lemma sum_Irr_deg_squared_mult_cnj:
  assumes g: "g \<in> carrier G" and h: "h \<in> carrier G"
  shows "(\<Sum>\<chi>\<in>Irr G. (deg G \<chi>)\<^sup>2 * cval \<chi> (conj_class G g) * cnj (cval \<chi> (conj_class G h)))
    = of_real (AMZL_entry g h)"
proof -
  let ?p = "\<lambda>\<chi>. \<chi> g * cnj (\<chi> h)"
  have "(\<Sum>\<chi>\<in>Irr G. (deg G \<chi>)\<^sup>2 * cval \<chi> (conj_class G g) * cnj (cval \<chi> (conj_class G h)))
      = (\<Sum>\<chi>\<in>Irr G. of_nat m ^ 2 * ?p \<chi> - (if \<chi> \<in> linear_chars G then (of_nat m ^ 2 - 1) * ?p \<chi> else 0))"
    using real_deg_Irr deg_Irr_eq_real_deg(1) cval_conj_class g h
    by (intro sum.cong) (auto simp: algebra_simps)
  also have "\<dots> = of_nat m ^ 2 * (\<Sum>\<chi>\<in>Irr G. ?p \<chi>) - (of_nat m ^ 2 - 1) * (\<Sum>l\<in>linear_chars G. ?p l)"
    using finite_Irr
    by (simp add: sum_subtractf sum_distrib_left sum.inter_restrict[symmetric] Int_absorb1[OF linear_chars_subset_Irr])
  also have "(\<Sum>\<chi>\<in>Irr G. ?p \<chi>) = (if h \<in> conj_class G g then of_nat (card (carrier G)) / of_nat (card (conj_class G g)) else 0)"
    using Irr_column_orthogonality[OF g h] conj_class_sym[OF g h] conj_class_eq[OF g, of h] by auto
  finally show ?thesis unfolding AMZL_entry_def linear_product(1)[OF g h] by simp
qed

lemma sum_abs_AMZL_entry:
  assumes g: "g \<in> carrier G"
  shows "(\<Sum>h\<in>carrier G. \<bar>AMZL_entry g h\<bar>)
    = (2 * real m ^ 2 - 1) * n - 2 * (real m ^ 2 - 1) * a * real (card (conj_class G g))"
proof -
  let ?C = "conj_class G g" and ?c = "real (card (conj_class G g))"
  have c0: "?c > 0" using card_conj_class_pos[OF g] by simp
  have m1: "real m ^ 2 \<ge> 1" using m_pos by simp
  have on: "\<bar>AMZL_entry g h\<bar> = real m ^ 2 * n / ?c - (real m ^ 2 - 1) * a" if h: "h \<in> ?C" for h
  proof -
    have "a \<le> n / ?c" using card_linear_chars_mult_card_conj_class_le[OF g] c0 by (simp add: field_simps)
    hence "(real m ^ 2 - 1) * a \<le> (real m ^ 2 - 1) * (n / ?c)" using m1 by (intro mult_left_mono) auto
    also have "\<dots> \<le> real m ^ 2 * (n / ?c)" by (intro mult_right_mono) auto
    finally show ?thesis unfolding AMZL_entry_def linear_product_conj_class[OF g h] using h by simp
  qed
  have off: "\<bar>AMZL_entry g h\<bar> = (real m ^ 2 - 1) * linear_product G g h" if h: "h \<in> carrier G - ?C" for h
    unfolding AMZL_entry_def using h m1 linear_product(2)[OF g, of h] by simp
  have "(\<Sum>h\<in>carrier G. \<bar>AMZL_entry g h\<bar>) = (\<Sum>h\<in>?C. \<bar>AMZL_entry g h\<bar>) + (\<Sum>h\<in>carrier G - ?C. \<bar>AMZL_entry g h\<bar>)"
    using sum.subset_diff[OF conj_class_subset_carrier[OF g] finite_carrier] by (simp add: add.commute)
  also have "(\<Sum>h\<in>?C. \<bar>AMZL_entry g h\<bar>) = ?c * (real m ^ 2 * n / ?c - (real m ^ 2 - 1) * a)"
    using on by simp
  also have "(\<Sum>h\<in>carrier G - ?C. \<bar>AMZL_entry g h\<bar>) = (real m ^ 2 - 1) * (n - ?c * a)"
    using off sum.subset_diff[OF conj_class_subset_carrier[OF g] finite_carrier, of "linear_product G g"]
      sum_linear_product[OF g] linear_product_conj_class[OF g]
    by (simp add: sum_distrib_left)
  finally show ?thesis using c0 by (simp add: algebra_simps)
qed

lemma AMZL_formula:
  "AMZL G * n\<^sup>2 = (2 * real m ^ 2 - 1) * n\<^sup>2 - 2 * (real m ^ 2 - 1) * a * (\<Sum>g\<in>carrier G. real (card (conj_class G g)))"
proof -
  define X where "X C C' = cmod (\<Sum>\<chi>\<in>Irr G. (deg G \<chi>)\<^sup>2 * cval \<chi> C * cnj (cval \<chi> C'))" for C C'
  have "(\<Sum>C\<in>Conj G. \<Sum>C'\<in>Conj G. real (card C) * real (card C') * X C C')
      = (\<Sum>C\<in>Conj G. real (card C) * (\<Sum>h\<in>carrier G. X C (conj_class G h)))"
    using sum_carrier_conj_class[OF finite_carrier, of "\<lambda>C'. X _ C'"] by (simp add: sum_distrib_left mult_ac)
  also have "\<dots> = (\<Sum>h\<in>carrier G. \<Sum>g\<in>carrier G. X (conj_class G g) (conj_class G h))"
    using sum_carrier_conj_class[OF finite_carrier, of "\<lambda>C. X C (conj_class G _)"]
    by (simp add: sum_distrib_left sum.swap[of _ "Conj G"])
  also have "\<dots> = (\<Sum>g\<in>carrier G. \<Sum>h\<in>carrier G. \<bar>AMZL_entry g h\<bar>)"
    by (subst sum.swap) (simp add: X_def sum_Irr_deg_squared_mult_cnj)
  also have "\<dots> = (2 * real m ^ 2 - 1) * n\<^sup>2 - 2 * (real m ^ 2 - 1) * a * (\<Sum>g\<in>carrier G. real (card (conj_class G g)))"
    using sum_abs_AMZL_entry by (simp add: sum_subtractf sum_distrib_left power2_eq_square)
  finally show ?thesis unfolding AMZL_def X_def[symmetric] using card_carrier_pos by simp
qed

end

text \<open>Here \<open>a\<close>, \<open>x\<close>, \<open>k\<close> and \<open>M\<close> stand for the number of linear characters, \<open>|Irr G|\<close>, \<open>|Z(G)|\<close>
  and \<open>m\<^sup>2\<close>: the hypotheses are \<open>\<Sum> d\<^sub>\<chi>\<^sup>2 = n\<close> and the class equation, the two sides are the
  formulas for \<open>n\<^sup>2 AMZA\<close> and \<open>n\<^sup>2 AMZL\<close>.\<close>
lemma AMZA_AMZL_identity:
  fixes n k a x s M :: real
  assumes deg: "a + M * (x - a) = n" and cls: "s * x = s * k + (n - k)"
  shows "(2 * s - 1) * n\<^sup>2 - 2 * (s - 1) * k * (a + M * (n - a))
    = (2 * M - 1) * n\<^sup>2 - 2 * (M - 1) * a * (k + s * (n - k))"
proof -
  have "s * n = s * a + M * (s * x) - s * M * a" using deg by (simp add: algebra_simps flip: deg)
  hence "s * (M - 1) * a - M * (s - 1) * k - (M - s) * n = 0" unfolding cls by (simp add: algebra_simps)
  moreover have "(2 * s - 1) * n\<^sup>2 - 2 * (s - 1) * k * (a + M * (n - a))
      - ((2 * M - 1) * n\<^sup>2 - 2 * (M - 1) * a * (k + s * (n - k)))
      = 2 * n * (s * (M - 1) * a - M * (s - 1) * k - (M - s) * n)"
    by (simp add: algebra_simps power2_eq_square)
  ultimately show ?thesis by simp
qed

- **GOAL OF THE EXERCISE**
Looking at the entries above, say how many lines hold the word "else". Offer no other text.

- **SOLUTION TO THIS PROBLEM**
2